─── EXCERPTED DATA ───

lemma nn_integral_atLeast_SUP:
  fixes f :: "real \<Rightarrow> ennreal" and u :: "nat \<Rightarrow> real"
  assumes [measurable]: "f \<in> borel_measurable borel" and u: "incseq u" "\<And>x. \<exists>n. x \<le> u n"
  shows "(\<integral>\<^sup>+x. f x * indicator {a..} x \<partial>lborel) = (SUP n. \<integral>\<^sup>+x. f x * indicator {a..u n} x \<partial>lborel)"
proof -
  have "(SUP n. \<integral>\<^sup>+x. f x * indicator {a..u n} x \<partial>lborel) = (\<integral>\<^sup>+x. (SUP n. f x * indicator {a..u n} x) \<partial>lborel)"
  proof (rule nn_integral_monotone_convergence_SUP[symmetric])
    show "incseq (\<lambda>n x. f x * indicator {a..u n} x)"
      using u(1) by (auto simp: incseq_def le_fun_def mono_def split: split_indicator intro: order_trans)
  qed auto
  also have "\<dots> = (\<integral>\<^sup>+x. f x * indicator {a..} x \<partial>lborel)"
  proof (intro nn_integral_cong antisym)
    fix x
    show "(SUP n. f x * indicator {a..u n} x) \<le> f x * indicator {a..} x"
      by (intro SUP_least) (auto split: split_indicator)
    obtain N where "x \<le> u N" using u(2) by blast
    then have "f x * indicator {a..} x = f x * indicator {a..u N} x"
      by (auto split: split_indicator)
    also have "\<dots> \<le> (SUP n. f x * indicator {a..u n} x)" by (rule SUP_upper) auto
    finally show "f x * indicator {a..} x \<le> (SUP n. f x * indicator {a..u n} x)" .
  qed
  finally show ?thesis ..
qed

lemma emeasure_iso_gauss_norm_greater:
  fixes R v :: real
  assumes "R > 0"
  shows "emeasure (iso_gauss (0::'a::euclidean_space) v) {x. norm x > R}
       = (\<integral>\<^sup>+\<rho>. ennreal (gauss_norm_density DIM('a) v \<rho>) * indicator {R..} \<rho> \<partial>lborel)"
proof -
  define d where "d = DIM('a)"
  define H where "H = (\<lambda>\<rho>::real. ennreal ((2 * pi * v) powr (- real d / 2) * exp (- \<rho>\<^sup>2 / (2 * v))) * indicator {R<..} \<rho>)"
  have [measurable]: "H \<in> borel_measurable borel" unfolding H_def by measurable
  have "emeasure (iso_gauss (0::'a) v) {x. norm x > R}
      = (\<integral>\<^sup>+x. ennreal (iso_gauss_density 0 v x) * indicator {x. norm x > R} x \<partial>(lborel::'a measure))"
    unfolding iso_gauss_def by (rule emeasure_density) auto
  also have "\<dots> = (\<integral>\<^sup>+x. H (norm x) \<partial>(lborel::'a measure))"
    by (intro nn_integral_cong) (simp add: H_def iso_gauss_density_def d_def split: split_indicator)
  also have "\<dots> = (\<integral>\<^sup>+\<rho>. H \<rho> \<partial>distr (lborel::'a measure) borel norm)"
    by (subst nn_integral_distr) auto
  also have "\<dots> = (\<integral>\<^sup>+\<rho>. ennreal (indicator {0..} \<rho> * (unit_ball_vol d * real d * \<rho> ^ (d - 1))) * H \<rho> \<partial>lborel)"
    unfolding distr_norm_lborel d_def by (subst nn_integral_density) auto
  also have "\<dots> = (\<integral>\<^sup>+\<rho>. ennreal (gauss_norm_density d v \<rho>) * indicator {R..} \<rho> \<partial>lborel)"
  proof (rule nn_integral_cong_AE)
    show "AE \<rho> in lborel. ennreal (indicator {0..} \<rho> * (unit_ball_vol d * real d * \<rho> ^ (d - 1))) * H \<rho>
        = ennreal (gauss_norm_density d v \<rho>) * indicator {R..} \<rho>"
      using AE_lborel_singleton[of R]
      by eventually_elim (use \<open>R > 0\<close> in \<open>auto simp: H_def gauss_norm_density_def ennreal_mult'[symmetric] split: split_indicator\<close>)
  qed
  finally show ?thesis by (simp add: d_def)
qed

lemma emeasure_iso_gauss_norm_greater_chi2:
  fixes R v :: real
  assumes v: "v > 0" and R: "R > 0"
  shows "emeasure (iso_gauss (0::'a::euclidean_space) v) {x. norm x > R} = emeasure (chi2 DIM('a)) {R\<^sup>2 / v <..}"
proof -
  define d where "d = DIM('a)"
  have d1: "d \<ge> 1" unfolding d_def by (simp add: DIM_positive Suc_leI)
  have unbounded: "\<exists>n. x \<le> (R + real n)\<^sup>2 / v" for x
  proof -
    obtain n :: nat where n: "max 1 (x * v) \<le> real n" using real_arch_simple by blast
    have "x * v \<le> R + real n" using n R by simp
    also have "\<dots> \<le> (R + real n)\<^sup>2"
      using n R by (simp add: power2_eq_square)
    finally show ?thesis using v by (auto simp: field_simps intro!: exI[of _ n])
  qed
  have "emeasure (iso_gauss (0::'a) v) {x. norm x > R}
      = (\<integral>\<^sup>+\<rho>. ennreal (gauss_norm_density d v \<rho>) * indicator {R..} \<rho> \<partial>lborel)"
    unfolding d_def by (rule emeasure_iso_gauss_norm_greater[OF R])
  also have "\<dots> = (SUP n. \<integral>\<^sup>+\<rho>. ennreal (gauss_norm_density d v \<rho>) * indicator {R..R + real n} \<rho> \<partial>lborel)"
  proof (rule nn_integral_atLeast_SUP)
    show "\<exists>n. x \<le> R + real n" for x
      using real_arch_simple[of "x - R"] by (auto simp: algebra_simps)
  qed (auto simp: gauss_norm_density_def incseq_def)
  also have "\<dots> = (SUP n. \<integral>\<^sup>+s. ennreal (chi2_density d s) * indicator {R\<^sup>2 / v..(R + real n)\<^sup>2 / v} s \<partial>lborel)"
    using R by (intro SUP_cong refl nn_integral_chi2_density_Icc[OF d1 v, symmetric]) auto
  also have "\<dots> = (\<integral>\<^sup>+s. ennreal (chi2_density d s) * indicator {R\<^sup>2 / v..} s \<partial>lborel)"
    using R v unbounded
    by (intro nn_integral_atLeast_SUP[symmetric])
      (auto simp: incseq_def intro!: divide_right_mono power_mono)
  also have "\<dots> = emeasure (chi2 d) {R\<^sup>2 / v <..}"
    using AE_lborel_singleton[of "R\<^sup>2 / v"] unfolding chi2_def
    by (subst emeasure_density) (auto intro!: nn_integral_cong_AE split: split_indicator)
  finally show ?thesis by (simp add: d_def)
qed

definition from_coords :: "('a::euclidean_space \<Rightarrow> real) \<Rightarrow> 'a" where
  "from_coords f = (\<Sum>b\<in>Basis. f b *\<^sub>R b)"

definition gauss_coords :: "real \<Rightarrow> ('a::euclidean_space \<Rightarrow> real) measure" where
  "gauss_coords v = PiM Basis (\<lambda>_. density lborel (normal_density 0 (sqrt v)))"

lemma inner_from_coords: "from_coords f \<bullet> y = (\<Sum>b\<in>Basis. f b * (b \<bullet> y))"
  by (simp add: from_coords_def inner_sum_left)

lemma norm_from_coords_sq: "(norm (from_coords f))\<^sup>2 = (\<Sum>b\<in>Basis. (f b)\<^sup>2)"
proof -
  have "from_coords f \<bullet> c = f c" if "c \<in> Basis" for c
    using that by (simp add: inner_from_coords inner_Basis if_distrib cong: if_cong)
  then have "from_coords f \<bullet> from_coords f = (\<Sum>b\<in>Basis. f b * f b)"
    by (simp add: inner_from_coords[of f "from_coords f"] inner_commute)
  then show ?thesis
    by (subst power2_norm_eq_inner) (simp add: power2_eq_square)
qed

lemma measurable_gauss_coords_component:
  "b \<in> Basis \<Longrightarrow> (\<lambda>f. f b) \<in> borel_measurable (gauss_coords v)"
  unfolding gauss_coords_def by measurable

lemma measurable_from_coords:
  assumes "sets M = sets (borel :: real measure)"
  shows "from_coords \<in> borel_measurable (PiM (Basis :: 'a::euclidean_space set) (\<lambda>_. M))"
proof -
  have "sets (PiM (Basis :: 'a set) (\<lambda>_. M)) = sets (PiM Basis (\<lambda>_. borel))"
    using assms by (intro sets_PiM_cong) auto
  moreover have "from_coords \<in> borel_measurable (PiM (Basis :: 'a set) (\<lambda>_. borel))"
    unfolding from_coords_def by measurable
  ultimately show ?thesis
    by (metis measurable_cong_sets)
qed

───

TASK GOAL
In your answer, include only the lines above starting at the line that holds "proof (intro nn_integral_cong antisym)" and ending at the line that holds "obtain N where", copied exactly.

WRITTEN ANSWER
  proof (intro nn_integral_cong antisym)
    fix x
    show "(SUP n. f x * indicator {a..u n} x) \<le> f x * indicator {a..} x"
      by (intro SUP_least) (auto split: split_indicator)
    obtain N where "x \<le> u N" using u(2) by blast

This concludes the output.